TLDR: they're throwing shit at the wall until something sticks
So they're just doing what everyone else is doing. It would look very suspicious to investors if leadership said "You know what, we actually can run this thing with a team of 100 people and make a few tens of millions in profit a year!". That's not what investors want to hear. They want to hear "If we have a 100 person company making a few tens of millions in profit a year, imagine how much revenue we could make if we were ten times bigger. We can easily scale operations!".
Investors want the kind of financial growth that would make cancerous tumour cells envious. And most tech leaders have figured out with cheap money that the best strategy for obtaining this growth is by having smart people throw shit at the wall until something sticks. The more smart people you have throwing shit at the wall, the better your chances at stumbling on a product or service that levels up your company.
If a tech leader were just content with running a sustainable and profitable business at the end of its growth curve, they wouldn't need as many employees. They just need the ones who can keep the core business going because there's nobody working on new venture pet projects.

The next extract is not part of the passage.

(* Let $\varphi$ be a closed block-labelled formula in disjunctive form, and let $f$ be a bijective renaming of propositional variables such that $f(X^k) = [\varphi[X^k]]^k$ for every $X^k \in \mathrm{bv}(\varphi)$. Then for every sub-formula $\psi$ of $\varphi$ and every set $E$ of states of $\mathrm{enc}(\varphi)$ such that $\{\varphi[Y^k] \mid Y^k \in \mathrm{fv}(\psi)\} \subseteq E$ and $E \cap \{\varphi[Y^k] \mid Y^k \in \mathrm{bv}(\psi)\} = \emptyset$, we have $\mathrm{dec}_s(\mathrm{enc}(\varphi), \psi, E) =_f \psi$.
   Context: An LTS is a tuple $(\Sigma, A, \to, s_0)$ with state set $\Sigma$, label set $A$, transition relation $\to\,\subseteq \Sigma\times A\times\Sigma$ (written $s \xrightarrow{a} s'$) and initial state $s_0$. Block-labelled formulas in disjunctive form are generated by $\varphi ::= \mathbf{ff} \mid \varphi_1 \lor \varphi_2 \mid \langle a\rangle\varphi_0 \mid \mu X^k.\varphi_0 \mid \neg\varphi_0 \mid X^k$, where $a$ ranges over action labels, $X$ over propositional variables and $k\in\mathbb{N}$ is a block number attached to every variable occurrence. $\mathrm{fv}(\varphi)$ and $\mathrm{bv}(\varphi)$ denote the free and bound variables; $\varphi$ is closed if $\mathrm{fv}(\varphi)=\emptyset$. All bound variables are assumed to have distinct names, and for $X^k\in\mathrm{bv}(\varphi)$, $\varphi[X^k]$ denotes the unique sub-formula of $\varphi$ of the form $\mu X^k.\varphi_0$. Encoding: $\mathrm{enc}(\varphi)$ is the LTS whose states are the sub-formulas of $\varphi$, with initial state $\varphi$, where $\mathbf{ff}$ has no outgoing transitions and the transitions are exactly: $X^k \xrightarrow{\lor} \varphi[X^k]$; $\neg\varphi_0 \xrightarrow{\neg} \varphi_0$; $\langle a\rangle\varphi_0 \xrightarrow{\langle a\rangle}\varphi_0$; $\varphi_1\lor\varphi_2 \xrightarrow{\lor}\varphi_1$ and $\varphi_1\lor\varphi_2\xrightarrow{\lor}\varphi_2$; $\mu X^k.\varphi_0 \xrightarrow{\mu^k}\varphi_0$. (Labels are the symbols $\lor$, $\neg$, $\langle a\rangle$, $\mu^k$.) Decoding: for an LTS $P$ with labels of the forms $\lor,\neg,\langle a\rangle,\mu^k$, a state $s$ and a set $E$ of states, $\mathrm{dec}_s(P,s,E) = \bigvee_{s\xrightarrow{\sigma}s' \in P}\mathrm{dec}_t(P, s\xrightarrow{\sigma}s', E)$ (a disjunction built with binary $\lor$ in some enumeration order of the outgoing transitions; the empty disjunction is $\mathbf{ff}$), where $\mathrm{dec}_t(P,s\xrightarrow{\lor}s',E)=\mathrm{dec}_s(P,s',E)$, $\mathrm{dec}_t(P,s\xrightarrow{\neg}s',E)=\neg\mathrm{dec}_s(P,s',E)$, $\mathrm{dec}_t(P,s\xrightarrow{\langle a\rangle}s',E)=\langle a\rangle\mathrm{dec}_s(P,s',E)$, and $\mathrm{dec}_t(P,s\xrightarrow{\mu^k}s',E)$ equals $[s]^k$ if $s\in E$ and $\mu [s]^k.\mathrm{dec}_s(P,s',E\cup\{s\})$ otherwise. Here $[s]^k$ denotes a propositional variable with block number $k$ uniquely determined by the pair $(s,k)$. Equality modulo renaming, commutativity and idempotence: for a bijection $f$ on propositional variables, $=_f$ is the smallest relation on formulas such that whenever $\varphi_i =_f \varphi_i'$ ($i\in\{0,1,2\}$): $\mathbf{ff}=_f\mathbf{ff}$, $\neg\varphi_0=_f\neg\varphi_0'$, $\langle a\rangle\varphi_0=_f\langle a\rangle\varphi_0'$, $\varphi_1\lor\varphi_2=_f\varphi_1'\lor\varphi_2'$, $X=_f f(X)$ and $\mu X.\varphi_0=_f\mu f(X).\varphi_0'$ for every variable $X$; $\varphi_1\lor\varphi_2 =_f \varphi_2'\lor\varphi_1'$; $\varphi_0\lor\varphi_0=_f\varphi_0'$ and $\varphi_0=_f\varphi_0'\lor\varphi_0'$. *)

theory Defs
  imports Main
begin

But investors aren't interested in that because that's like putting their money into a savings account at a bank except with a lot more risk of losing it all. Right now, Reddit's investors are starting to realize that their risky investment with a chance at winning it big is looking a lot more like a dud that will pay out more meagre returns or worse, may not pay out at all. They desperately need an IPO to win it big. It's their last hope.
The investors won't throw any more money at Reddit and are at the stage where they're pressuring the leadership to start cracking the whip. The leadership has now removed any illusion of wanting to make Reddit users happy because we aren't their customers or investors. They need their customers and their investors happy. They don't need Reddit users to be happy. They just need to keep them hooked.
Hmmm, and the third party developers are the reason they're not profitable?